EXERCISE GOAL:
Range to reproduce from the entries below: the line with "set) \<Rightarrow> (nat", the line with "filterlim (\<lambda>n. card", and every line in between. Give them exactly and give nothing else.

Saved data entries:
+ + + +
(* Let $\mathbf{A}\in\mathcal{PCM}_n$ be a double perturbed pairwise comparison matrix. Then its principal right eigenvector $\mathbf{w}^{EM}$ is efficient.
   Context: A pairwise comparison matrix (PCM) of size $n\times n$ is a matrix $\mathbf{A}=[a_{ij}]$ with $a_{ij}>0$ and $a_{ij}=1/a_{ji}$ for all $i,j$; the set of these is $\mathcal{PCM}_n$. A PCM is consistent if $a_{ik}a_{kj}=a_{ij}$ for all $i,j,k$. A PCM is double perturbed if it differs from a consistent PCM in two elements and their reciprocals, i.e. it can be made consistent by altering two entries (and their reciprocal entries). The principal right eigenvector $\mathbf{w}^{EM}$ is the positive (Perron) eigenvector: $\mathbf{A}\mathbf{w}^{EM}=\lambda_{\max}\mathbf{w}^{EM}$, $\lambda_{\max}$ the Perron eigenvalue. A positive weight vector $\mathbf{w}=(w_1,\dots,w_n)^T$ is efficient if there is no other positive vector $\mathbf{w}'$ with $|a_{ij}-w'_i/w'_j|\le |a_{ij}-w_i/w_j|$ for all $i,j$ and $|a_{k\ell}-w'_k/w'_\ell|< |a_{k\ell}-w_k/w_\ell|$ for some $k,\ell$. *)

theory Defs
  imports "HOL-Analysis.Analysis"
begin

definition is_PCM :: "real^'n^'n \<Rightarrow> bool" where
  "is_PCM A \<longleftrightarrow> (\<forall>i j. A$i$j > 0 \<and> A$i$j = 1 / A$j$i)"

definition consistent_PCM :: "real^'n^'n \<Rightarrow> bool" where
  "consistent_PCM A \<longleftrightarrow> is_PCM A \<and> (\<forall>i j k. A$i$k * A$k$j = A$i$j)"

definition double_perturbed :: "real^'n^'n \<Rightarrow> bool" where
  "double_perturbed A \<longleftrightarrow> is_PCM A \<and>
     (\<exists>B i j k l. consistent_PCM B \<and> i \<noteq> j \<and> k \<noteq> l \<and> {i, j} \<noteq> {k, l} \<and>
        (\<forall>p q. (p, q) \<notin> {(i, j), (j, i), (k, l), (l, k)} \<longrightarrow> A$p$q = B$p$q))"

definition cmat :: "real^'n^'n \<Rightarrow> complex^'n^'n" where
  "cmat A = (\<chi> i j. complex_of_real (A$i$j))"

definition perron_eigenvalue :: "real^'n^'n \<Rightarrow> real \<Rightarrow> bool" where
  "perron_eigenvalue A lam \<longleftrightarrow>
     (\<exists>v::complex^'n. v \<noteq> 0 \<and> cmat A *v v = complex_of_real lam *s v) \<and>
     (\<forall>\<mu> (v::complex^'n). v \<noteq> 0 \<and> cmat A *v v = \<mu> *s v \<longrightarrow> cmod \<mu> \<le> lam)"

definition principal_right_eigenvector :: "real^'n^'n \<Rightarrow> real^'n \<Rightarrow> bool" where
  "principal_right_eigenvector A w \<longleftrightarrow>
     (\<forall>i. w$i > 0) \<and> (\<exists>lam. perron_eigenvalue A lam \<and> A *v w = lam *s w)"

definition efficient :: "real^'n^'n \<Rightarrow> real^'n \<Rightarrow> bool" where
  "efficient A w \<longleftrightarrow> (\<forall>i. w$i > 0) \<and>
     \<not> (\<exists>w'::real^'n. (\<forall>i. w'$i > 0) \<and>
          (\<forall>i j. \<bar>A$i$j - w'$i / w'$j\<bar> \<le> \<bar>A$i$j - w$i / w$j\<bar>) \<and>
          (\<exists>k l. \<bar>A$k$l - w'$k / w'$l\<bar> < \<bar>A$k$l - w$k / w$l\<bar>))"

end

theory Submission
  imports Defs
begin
+ + + +
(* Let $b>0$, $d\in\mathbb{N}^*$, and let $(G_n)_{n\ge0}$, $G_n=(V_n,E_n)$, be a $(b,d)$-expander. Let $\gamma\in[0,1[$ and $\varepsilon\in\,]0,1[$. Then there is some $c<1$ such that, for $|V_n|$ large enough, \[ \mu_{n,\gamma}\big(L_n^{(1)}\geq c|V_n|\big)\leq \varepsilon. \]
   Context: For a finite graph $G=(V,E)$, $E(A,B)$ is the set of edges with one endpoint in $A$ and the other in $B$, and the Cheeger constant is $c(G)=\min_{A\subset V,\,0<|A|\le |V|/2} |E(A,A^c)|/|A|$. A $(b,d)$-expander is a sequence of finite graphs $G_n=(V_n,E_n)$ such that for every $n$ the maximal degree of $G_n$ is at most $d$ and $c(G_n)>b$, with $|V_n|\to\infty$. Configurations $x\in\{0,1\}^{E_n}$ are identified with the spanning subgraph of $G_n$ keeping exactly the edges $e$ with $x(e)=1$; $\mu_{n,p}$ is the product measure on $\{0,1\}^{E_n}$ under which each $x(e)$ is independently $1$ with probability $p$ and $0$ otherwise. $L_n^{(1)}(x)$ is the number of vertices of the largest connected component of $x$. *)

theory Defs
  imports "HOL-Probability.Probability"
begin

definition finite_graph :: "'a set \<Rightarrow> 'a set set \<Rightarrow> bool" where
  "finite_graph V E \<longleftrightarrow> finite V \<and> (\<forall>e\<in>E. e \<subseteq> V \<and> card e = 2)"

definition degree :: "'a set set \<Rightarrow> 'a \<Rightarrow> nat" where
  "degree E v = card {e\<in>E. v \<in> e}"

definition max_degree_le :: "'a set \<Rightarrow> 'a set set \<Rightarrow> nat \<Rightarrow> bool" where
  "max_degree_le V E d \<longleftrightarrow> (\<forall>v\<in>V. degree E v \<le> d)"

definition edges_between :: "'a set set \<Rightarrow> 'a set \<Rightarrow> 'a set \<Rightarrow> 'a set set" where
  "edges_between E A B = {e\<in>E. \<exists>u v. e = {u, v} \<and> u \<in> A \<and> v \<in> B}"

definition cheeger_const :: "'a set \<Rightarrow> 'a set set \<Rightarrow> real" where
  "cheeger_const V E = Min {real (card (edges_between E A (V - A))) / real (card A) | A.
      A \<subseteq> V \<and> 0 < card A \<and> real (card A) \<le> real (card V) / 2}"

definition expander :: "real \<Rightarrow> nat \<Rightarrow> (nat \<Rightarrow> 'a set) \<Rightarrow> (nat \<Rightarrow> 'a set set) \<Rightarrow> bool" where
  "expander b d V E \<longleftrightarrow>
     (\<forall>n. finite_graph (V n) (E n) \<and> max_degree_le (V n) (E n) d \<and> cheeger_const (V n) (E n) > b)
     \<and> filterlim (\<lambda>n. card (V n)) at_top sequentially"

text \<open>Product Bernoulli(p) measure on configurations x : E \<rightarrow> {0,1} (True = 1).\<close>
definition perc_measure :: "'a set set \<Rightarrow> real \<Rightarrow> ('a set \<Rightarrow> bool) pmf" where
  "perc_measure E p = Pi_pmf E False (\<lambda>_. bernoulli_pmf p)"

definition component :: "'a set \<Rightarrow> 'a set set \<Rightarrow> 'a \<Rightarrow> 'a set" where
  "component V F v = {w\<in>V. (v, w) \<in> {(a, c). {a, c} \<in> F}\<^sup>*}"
+ + + +
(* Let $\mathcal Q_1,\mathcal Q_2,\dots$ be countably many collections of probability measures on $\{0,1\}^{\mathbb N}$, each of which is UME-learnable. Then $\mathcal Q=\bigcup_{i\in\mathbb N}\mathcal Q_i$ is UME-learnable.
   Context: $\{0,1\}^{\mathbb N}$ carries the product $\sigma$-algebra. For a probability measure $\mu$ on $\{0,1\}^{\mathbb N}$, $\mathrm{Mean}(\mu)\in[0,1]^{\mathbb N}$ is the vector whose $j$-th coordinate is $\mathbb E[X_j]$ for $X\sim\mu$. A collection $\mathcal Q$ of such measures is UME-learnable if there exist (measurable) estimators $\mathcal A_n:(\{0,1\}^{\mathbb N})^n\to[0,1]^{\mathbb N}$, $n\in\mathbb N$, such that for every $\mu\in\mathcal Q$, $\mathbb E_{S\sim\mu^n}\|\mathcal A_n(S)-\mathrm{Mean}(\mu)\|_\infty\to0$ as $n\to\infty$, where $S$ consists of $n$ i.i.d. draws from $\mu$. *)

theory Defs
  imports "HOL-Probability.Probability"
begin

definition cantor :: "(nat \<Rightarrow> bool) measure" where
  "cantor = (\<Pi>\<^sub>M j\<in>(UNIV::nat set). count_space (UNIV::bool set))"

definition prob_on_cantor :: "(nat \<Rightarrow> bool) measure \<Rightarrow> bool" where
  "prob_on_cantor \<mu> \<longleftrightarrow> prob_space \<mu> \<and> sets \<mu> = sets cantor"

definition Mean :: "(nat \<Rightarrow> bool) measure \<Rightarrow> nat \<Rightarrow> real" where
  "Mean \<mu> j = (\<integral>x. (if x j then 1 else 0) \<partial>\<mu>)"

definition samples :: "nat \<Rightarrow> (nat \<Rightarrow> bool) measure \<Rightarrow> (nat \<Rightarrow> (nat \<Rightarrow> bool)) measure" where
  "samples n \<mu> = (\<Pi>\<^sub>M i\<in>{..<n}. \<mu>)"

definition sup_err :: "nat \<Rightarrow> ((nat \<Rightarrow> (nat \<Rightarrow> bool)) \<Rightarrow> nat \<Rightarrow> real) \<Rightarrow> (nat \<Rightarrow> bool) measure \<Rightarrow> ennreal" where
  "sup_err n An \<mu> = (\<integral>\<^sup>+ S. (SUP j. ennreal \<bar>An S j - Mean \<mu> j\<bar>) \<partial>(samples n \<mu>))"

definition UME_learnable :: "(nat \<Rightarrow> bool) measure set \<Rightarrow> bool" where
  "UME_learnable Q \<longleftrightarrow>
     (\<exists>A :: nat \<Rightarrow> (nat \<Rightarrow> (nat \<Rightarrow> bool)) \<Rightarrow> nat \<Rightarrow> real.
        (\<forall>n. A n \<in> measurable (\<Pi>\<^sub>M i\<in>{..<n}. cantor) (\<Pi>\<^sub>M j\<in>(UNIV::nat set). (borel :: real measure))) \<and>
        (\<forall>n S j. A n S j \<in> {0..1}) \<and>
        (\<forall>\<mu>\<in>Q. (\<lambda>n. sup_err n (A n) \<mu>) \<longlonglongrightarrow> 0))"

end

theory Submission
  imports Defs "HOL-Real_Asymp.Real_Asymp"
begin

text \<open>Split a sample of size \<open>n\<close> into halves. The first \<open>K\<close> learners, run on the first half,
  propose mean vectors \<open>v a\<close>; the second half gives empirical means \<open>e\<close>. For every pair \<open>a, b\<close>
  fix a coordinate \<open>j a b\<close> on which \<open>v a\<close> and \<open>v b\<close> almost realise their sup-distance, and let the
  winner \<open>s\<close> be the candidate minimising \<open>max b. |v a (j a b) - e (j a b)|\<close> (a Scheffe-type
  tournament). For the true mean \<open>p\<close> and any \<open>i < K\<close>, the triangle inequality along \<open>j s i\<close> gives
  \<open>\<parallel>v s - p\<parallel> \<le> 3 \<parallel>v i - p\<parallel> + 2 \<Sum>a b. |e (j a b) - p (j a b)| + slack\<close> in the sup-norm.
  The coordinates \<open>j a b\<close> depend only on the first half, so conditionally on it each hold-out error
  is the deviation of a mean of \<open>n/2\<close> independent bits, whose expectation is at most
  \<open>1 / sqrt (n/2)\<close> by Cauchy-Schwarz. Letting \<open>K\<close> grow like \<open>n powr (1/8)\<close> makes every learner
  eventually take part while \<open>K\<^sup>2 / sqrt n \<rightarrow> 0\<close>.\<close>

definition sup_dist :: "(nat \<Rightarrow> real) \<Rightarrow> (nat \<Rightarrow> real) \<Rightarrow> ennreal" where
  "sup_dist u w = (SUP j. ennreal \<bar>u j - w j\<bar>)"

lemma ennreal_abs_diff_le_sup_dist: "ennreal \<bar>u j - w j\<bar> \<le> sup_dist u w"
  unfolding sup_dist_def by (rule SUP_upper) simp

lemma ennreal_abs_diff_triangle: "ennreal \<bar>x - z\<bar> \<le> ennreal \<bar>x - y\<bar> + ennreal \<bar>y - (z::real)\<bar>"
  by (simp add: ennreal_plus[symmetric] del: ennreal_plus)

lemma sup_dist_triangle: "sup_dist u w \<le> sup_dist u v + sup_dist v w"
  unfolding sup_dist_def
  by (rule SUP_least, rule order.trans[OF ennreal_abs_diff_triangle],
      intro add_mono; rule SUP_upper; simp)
+ + + +
FINISHED EXERCISE:
definition expander :: "real \<Rightarrow> nat \<Rightarrow> (nat \<Rightarrow> 'a set) \<Rightarrow> (nat \<Rightarrow> 'a set set) \<Rightarrow> bool" where
  "expander b d V E \<longleftrightarrow>
     (\<forall>n. finite_graph (V n) (E n) \<and> max_degree_le (V n) (E n) d \<and> cheeger_const (V n) (E n) > b)
     \<and> filterlim (\<lambda>n. card (V n)) at_top sequentially"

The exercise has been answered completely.